> Work required
Using the entries below, write out the line with "using S(1) L(1)", the line with "with S(2) have", and every line in between, exactly as each is written.
————————
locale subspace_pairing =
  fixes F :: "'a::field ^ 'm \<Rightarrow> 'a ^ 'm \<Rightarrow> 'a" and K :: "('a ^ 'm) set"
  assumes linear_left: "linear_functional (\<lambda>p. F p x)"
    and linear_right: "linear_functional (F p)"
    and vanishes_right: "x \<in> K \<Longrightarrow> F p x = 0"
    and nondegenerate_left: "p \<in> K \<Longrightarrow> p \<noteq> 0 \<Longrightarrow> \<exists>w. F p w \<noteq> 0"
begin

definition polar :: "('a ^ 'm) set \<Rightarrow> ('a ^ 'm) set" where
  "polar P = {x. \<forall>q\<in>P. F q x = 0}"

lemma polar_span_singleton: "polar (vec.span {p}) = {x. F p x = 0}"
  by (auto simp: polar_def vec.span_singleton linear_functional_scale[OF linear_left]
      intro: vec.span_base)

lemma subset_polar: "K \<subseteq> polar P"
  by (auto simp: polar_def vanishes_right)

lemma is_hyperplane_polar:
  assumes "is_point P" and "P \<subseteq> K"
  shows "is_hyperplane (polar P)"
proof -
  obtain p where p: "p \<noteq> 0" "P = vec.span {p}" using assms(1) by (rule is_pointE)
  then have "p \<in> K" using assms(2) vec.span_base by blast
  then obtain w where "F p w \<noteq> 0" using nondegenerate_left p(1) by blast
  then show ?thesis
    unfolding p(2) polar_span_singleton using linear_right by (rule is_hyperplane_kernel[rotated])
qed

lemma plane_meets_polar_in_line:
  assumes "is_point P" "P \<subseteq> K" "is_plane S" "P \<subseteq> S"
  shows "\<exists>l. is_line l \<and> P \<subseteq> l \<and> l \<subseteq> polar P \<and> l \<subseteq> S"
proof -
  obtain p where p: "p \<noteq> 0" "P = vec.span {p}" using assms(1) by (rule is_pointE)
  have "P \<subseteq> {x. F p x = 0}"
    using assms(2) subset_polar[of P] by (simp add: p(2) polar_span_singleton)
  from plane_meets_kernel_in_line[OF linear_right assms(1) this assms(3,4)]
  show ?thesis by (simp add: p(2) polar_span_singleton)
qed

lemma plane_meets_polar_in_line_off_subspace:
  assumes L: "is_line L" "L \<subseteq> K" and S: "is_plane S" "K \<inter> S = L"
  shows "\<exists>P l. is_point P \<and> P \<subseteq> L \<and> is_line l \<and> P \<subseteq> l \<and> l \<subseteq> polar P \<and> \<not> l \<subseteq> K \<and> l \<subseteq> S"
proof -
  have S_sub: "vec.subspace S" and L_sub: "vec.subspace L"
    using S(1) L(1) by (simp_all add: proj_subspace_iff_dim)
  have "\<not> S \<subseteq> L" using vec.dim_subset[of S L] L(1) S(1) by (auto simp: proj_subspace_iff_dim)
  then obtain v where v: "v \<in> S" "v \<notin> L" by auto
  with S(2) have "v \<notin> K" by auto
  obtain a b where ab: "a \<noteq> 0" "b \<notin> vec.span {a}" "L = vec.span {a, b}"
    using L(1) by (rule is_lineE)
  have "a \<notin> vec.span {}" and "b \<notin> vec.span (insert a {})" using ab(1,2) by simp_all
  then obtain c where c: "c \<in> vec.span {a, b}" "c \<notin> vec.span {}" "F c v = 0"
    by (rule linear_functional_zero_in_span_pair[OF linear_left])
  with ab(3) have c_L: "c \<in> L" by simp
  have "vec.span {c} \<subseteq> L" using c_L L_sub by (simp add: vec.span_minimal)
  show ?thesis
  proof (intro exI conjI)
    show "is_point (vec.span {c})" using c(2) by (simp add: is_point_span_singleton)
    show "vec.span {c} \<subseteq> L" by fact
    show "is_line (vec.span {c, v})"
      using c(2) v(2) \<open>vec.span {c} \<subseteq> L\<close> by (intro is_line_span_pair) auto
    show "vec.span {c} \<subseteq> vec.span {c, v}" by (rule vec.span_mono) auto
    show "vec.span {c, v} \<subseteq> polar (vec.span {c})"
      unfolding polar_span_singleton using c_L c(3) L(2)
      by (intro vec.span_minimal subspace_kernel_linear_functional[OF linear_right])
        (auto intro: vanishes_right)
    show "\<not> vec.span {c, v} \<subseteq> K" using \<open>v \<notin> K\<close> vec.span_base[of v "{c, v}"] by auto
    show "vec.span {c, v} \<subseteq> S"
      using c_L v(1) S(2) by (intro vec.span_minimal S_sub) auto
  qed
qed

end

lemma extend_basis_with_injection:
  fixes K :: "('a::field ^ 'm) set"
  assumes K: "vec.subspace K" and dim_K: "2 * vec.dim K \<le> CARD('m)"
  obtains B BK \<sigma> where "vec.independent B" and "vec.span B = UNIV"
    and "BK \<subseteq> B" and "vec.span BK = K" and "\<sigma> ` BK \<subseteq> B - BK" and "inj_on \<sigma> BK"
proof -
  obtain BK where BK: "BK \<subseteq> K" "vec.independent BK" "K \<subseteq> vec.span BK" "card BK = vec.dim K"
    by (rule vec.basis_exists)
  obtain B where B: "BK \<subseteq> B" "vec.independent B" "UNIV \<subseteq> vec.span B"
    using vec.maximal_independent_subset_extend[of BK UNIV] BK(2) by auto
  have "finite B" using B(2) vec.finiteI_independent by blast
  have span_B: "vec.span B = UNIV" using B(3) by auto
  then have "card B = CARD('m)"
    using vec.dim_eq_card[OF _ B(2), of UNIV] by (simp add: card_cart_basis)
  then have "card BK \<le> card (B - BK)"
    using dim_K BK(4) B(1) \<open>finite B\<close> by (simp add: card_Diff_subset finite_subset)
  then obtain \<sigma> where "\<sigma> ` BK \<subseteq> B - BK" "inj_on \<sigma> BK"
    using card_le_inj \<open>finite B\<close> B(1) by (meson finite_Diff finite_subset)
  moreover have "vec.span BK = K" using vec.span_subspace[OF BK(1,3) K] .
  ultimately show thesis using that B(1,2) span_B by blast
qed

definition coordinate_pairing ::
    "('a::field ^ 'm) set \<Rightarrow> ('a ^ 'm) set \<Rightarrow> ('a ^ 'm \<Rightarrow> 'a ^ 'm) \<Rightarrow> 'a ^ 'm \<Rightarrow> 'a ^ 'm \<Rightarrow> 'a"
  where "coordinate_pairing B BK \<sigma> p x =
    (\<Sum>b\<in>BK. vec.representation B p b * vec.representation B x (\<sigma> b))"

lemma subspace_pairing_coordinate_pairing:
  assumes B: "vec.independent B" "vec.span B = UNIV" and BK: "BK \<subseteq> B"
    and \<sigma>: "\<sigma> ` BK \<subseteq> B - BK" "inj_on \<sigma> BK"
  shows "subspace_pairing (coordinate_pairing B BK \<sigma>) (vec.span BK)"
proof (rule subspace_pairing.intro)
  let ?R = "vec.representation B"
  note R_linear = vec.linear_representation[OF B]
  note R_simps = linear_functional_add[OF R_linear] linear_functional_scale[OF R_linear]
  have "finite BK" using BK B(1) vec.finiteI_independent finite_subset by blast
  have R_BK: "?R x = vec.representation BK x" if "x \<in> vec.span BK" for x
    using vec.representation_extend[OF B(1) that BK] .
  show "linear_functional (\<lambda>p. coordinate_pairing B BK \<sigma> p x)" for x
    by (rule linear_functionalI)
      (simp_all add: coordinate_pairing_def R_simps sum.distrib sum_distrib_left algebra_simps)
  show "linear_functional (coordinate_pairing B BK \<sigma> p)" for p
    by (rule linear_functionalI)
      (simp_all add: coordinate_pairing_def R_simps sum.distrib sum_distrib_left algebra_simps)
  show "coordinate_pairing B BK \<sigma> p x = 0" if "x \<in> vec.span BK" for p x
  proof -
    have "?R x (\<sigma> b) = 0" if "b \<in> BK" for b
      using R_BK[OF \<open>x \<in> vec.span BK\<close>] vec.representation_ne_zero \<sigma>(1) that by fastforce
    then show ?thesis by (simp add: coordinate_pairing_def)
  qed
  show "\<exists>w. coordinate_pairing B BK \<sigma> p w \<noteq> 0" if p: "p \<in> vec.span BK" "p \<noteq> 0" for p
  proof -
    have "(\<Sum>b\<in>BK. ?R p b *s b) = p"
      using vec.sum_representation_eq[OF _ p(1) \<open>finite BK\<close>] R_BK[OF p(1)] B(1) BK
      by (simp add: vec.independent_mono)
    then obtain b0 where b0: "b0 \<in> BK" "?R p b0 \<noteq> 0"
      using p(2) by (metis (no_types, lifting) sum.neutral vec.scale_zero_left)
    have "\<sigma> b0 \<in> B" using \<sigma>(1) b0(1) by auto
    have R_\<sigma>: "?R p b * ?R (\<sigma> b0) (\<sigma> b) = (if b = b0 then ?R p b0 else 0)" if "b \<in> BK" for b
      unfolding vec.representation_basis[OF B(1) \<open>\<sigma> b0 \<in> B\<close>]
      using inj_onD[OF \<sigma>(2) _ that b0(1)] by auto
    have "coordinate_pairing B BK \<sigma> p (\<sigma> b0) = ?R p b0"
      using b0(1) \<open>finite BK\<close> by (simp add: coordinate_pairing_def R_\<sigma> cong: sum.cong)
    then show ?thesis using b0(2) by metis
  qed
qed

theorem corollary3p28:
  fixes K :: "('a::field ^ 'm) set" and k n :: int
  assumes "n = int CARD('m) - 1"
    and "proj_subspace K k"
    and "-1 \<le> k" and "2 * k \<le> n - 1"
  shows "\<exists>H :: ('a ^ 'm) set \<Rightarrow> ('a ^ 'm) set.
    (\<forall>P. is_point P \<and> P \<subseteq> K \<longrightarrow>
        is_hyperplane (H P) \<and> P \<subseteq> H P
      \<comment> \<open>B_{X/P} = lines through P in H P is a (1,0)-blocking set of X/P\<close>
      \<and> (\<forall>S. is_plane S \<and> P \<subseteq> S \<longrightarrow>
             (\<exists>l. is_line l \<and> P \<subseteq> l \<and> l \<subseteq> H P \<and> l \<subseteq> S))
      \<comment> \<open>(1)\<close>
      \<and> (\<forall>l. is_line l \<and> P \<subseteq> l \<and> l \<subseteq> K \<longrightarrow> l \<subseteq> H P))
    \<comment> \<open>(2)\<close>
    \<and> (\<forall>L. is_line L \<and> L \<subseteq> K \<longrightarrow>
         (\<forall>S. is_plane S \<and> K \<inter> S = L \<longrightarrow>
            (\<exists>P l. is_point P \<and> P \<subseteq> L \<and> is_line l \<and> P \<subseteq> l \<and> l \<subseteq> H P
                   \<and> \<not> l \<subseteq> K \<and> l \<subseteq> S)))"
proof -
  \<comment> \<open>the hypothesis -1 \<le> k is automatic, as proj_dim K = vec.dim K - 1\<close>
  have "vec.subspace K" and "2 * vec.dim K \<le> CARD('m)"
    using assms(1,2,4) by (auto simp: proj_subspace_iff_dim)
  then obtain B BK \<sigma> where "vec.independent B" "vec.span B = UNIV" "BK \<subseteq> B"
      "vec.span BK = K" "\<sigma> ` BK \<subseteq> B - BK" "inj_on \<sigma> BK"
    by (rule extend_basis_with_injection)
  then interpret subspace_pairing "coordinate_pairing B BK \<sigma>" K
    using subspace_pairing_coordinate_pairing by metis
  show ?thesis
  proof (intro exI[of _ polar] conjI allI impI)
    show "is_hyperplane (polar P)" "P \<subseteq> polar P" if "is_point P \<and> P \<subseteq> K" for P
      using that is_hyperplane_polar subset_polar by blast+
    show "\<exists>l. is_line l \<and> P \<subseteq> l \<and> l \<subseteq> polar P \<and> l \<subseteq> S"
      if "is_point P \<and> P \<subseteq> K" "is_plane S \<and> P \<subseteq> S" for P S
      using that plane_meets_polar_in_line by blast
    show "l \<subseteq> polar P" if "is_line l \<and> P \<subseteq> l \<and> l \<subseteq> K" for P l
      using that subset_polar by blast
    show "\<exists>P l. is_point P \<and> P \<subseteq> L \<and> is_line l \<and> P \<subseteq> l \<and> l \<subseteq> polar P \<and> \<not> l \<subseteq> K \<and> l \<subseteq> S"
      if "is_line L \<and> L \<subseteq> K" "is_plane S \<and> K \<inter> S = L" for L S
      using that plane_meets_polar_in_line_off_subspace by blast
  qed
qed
————————
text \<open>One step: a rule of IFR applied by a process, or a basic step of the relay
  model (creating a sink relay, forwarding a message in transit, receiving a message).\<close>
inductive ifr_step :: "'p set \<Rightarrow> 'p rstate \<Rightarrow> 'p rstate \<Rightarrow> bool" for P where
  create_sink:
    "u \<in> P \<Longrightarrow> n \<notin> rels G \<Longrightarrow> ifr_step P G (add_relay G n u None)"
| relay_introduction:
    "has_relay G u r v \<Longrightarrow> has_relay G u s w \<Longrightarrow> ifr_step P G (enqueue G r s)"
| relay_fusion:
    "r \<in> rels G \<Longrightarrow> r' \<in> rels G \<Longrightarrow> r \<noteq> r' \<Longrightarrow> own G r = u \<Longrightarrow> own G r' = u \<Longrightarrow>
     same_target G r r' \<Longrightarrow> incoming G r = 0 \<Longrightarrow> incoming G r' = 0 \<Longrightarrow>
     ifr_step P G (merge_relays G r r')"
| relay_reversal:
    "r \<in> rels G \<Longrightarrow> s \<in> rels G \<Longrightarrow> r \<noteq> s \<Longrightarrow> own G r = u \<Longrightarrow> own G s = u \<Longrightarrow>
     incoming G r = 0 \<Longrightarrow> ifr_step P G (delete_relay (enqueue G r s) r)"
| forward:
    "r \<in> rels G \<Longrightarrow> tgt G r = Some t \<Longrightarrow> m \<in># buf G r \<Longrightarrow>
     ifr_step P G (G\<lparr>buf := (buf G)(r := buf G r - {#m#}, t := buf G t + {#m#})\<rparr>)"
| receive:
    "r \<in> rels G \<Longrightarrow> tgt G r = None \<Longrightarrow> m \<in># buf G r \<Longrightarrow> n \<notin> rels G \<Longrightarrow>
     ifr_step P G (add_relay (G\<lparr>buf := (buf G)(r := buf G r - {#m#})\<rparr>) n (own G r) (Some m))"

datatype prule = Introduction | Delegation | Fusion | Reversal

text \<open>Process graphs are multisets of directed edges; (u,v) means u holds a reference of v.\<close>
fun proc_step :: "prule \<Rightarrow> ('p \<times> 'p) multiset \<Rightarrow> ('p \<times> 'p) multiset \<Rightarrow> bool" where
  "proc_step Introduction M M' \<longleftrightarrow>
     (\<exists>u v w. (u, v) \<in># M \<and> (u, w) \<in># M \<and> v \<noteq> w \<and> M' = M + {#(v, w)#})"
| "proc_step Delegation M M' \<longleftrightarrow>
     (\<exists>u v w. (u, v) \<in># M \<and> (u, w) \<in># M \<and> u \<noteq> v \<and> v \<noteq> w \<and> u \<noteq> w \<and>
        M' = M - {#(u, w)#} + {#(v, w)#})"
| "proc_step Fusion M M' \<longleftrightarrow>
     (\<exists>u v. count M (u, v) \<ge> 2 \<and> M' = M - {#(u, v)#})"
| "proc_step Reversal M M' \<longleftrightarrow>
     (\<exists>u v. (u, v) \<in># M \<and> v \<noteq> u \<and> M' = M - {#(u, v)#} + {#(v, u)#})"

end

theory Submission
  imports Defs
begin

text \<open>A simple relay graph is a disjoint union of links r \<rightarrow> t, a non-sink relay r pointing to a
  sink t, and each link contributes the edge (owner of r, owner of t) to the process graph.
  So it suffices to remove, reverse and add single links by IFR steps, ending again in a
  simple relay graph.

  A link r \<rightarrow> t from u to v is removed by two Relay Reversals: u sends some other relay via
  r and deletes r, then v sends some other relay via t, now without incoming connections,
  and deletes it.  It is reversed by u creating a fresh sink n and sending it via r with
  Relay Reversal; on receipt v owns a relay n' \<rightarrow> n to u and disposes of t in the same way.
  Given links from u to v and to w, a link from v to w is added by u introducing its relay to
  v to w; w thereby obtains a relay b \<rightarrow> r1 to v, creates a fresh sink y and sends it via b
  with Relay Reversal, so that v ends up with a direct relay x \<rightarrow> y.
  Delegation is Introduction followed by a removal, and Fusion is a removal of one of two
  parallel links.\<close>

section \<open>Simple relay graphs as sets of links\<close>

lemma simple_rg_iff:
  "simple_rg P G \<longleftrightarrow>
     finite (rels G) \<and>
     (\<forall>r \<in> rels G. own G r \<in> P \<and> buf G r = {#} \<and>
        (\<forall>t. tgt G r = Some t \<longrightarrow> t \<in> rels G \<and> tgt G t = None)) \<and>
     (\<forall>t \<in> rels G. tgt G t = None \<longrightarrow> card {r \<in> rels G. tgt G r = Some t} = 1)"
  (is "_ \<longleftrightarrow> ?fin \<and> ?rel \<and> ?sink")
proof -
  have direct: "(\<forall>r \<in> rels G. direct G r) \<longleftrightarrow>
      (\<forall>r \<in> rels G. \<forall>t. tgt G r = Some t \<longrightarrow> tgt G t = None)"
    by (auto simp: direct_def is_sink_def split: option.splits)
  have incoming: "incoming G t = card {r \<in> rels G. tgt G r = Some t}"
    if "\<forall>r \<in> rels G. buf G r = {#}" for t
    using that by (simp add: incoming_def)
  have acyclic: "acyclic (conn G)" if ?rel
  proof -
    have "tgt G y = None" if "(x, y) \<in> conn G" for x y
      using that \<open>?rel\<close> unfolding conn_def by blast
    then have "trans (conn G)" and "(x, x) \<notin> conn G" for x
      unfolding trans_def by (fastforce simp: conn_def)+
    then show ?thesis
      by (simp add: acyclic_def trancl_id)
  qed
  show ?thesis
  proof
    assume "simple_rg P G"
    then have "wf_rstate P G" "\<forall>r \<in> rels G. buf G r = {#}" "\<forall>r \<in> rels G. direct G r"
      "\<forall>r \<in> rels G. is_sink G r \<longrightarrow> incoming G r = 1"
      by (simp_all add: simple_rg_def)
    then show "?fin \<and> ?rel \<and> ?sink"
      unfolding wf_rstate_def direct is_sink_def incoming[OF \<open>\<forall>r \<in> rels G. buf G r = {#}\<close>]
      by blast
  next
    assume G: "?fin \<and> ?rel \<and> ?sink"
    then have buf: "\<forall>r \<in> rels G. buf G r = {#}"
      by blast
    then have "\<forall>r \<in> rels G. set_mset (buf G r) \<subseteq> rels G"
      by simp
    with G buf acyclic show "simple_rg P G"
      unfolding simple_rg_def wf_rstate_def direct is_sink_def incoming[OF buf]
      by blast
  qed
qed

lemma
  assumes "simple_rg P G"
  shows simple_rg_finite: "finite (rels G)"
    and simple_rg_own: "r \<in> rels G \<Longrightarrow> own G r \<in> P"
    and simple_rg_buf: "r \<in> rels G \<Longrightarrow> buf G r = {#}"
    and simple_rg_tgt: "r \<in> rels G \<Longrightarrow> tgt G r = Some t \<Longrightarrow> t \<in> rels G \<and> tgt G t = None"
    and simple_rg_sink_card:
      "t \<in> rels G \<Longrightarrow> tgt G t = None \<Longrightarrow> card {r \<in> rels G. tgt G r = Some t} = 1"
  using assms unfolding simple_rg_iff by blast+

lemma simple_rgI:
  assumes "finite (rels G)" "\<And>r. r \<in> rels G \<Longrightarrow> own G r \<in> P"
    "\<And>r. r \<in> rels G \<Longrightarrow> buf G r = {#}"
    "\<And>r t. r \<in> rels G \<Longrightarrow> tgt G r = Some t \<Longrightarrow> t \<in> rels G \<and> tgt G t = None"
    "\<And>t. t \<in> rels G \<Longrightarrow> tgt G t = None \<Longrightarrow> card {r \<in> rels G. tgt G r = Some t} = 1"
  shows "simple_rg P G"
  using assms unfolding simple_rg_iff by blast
————————
> Answer to the exercise
    using S(1) L(1) by (simp_all add: proj_subspace_iff_dim)
  have "\<not> S \<subseteq> L" using vec.dim_subset[of S L] L(1) S(1) by (auto simp: proj_subspace_iff_dim)
  then obtain v where v: "v \<in> S" "v \<notin> L" by auto
  with S(2) have "v \<notin> K" by auto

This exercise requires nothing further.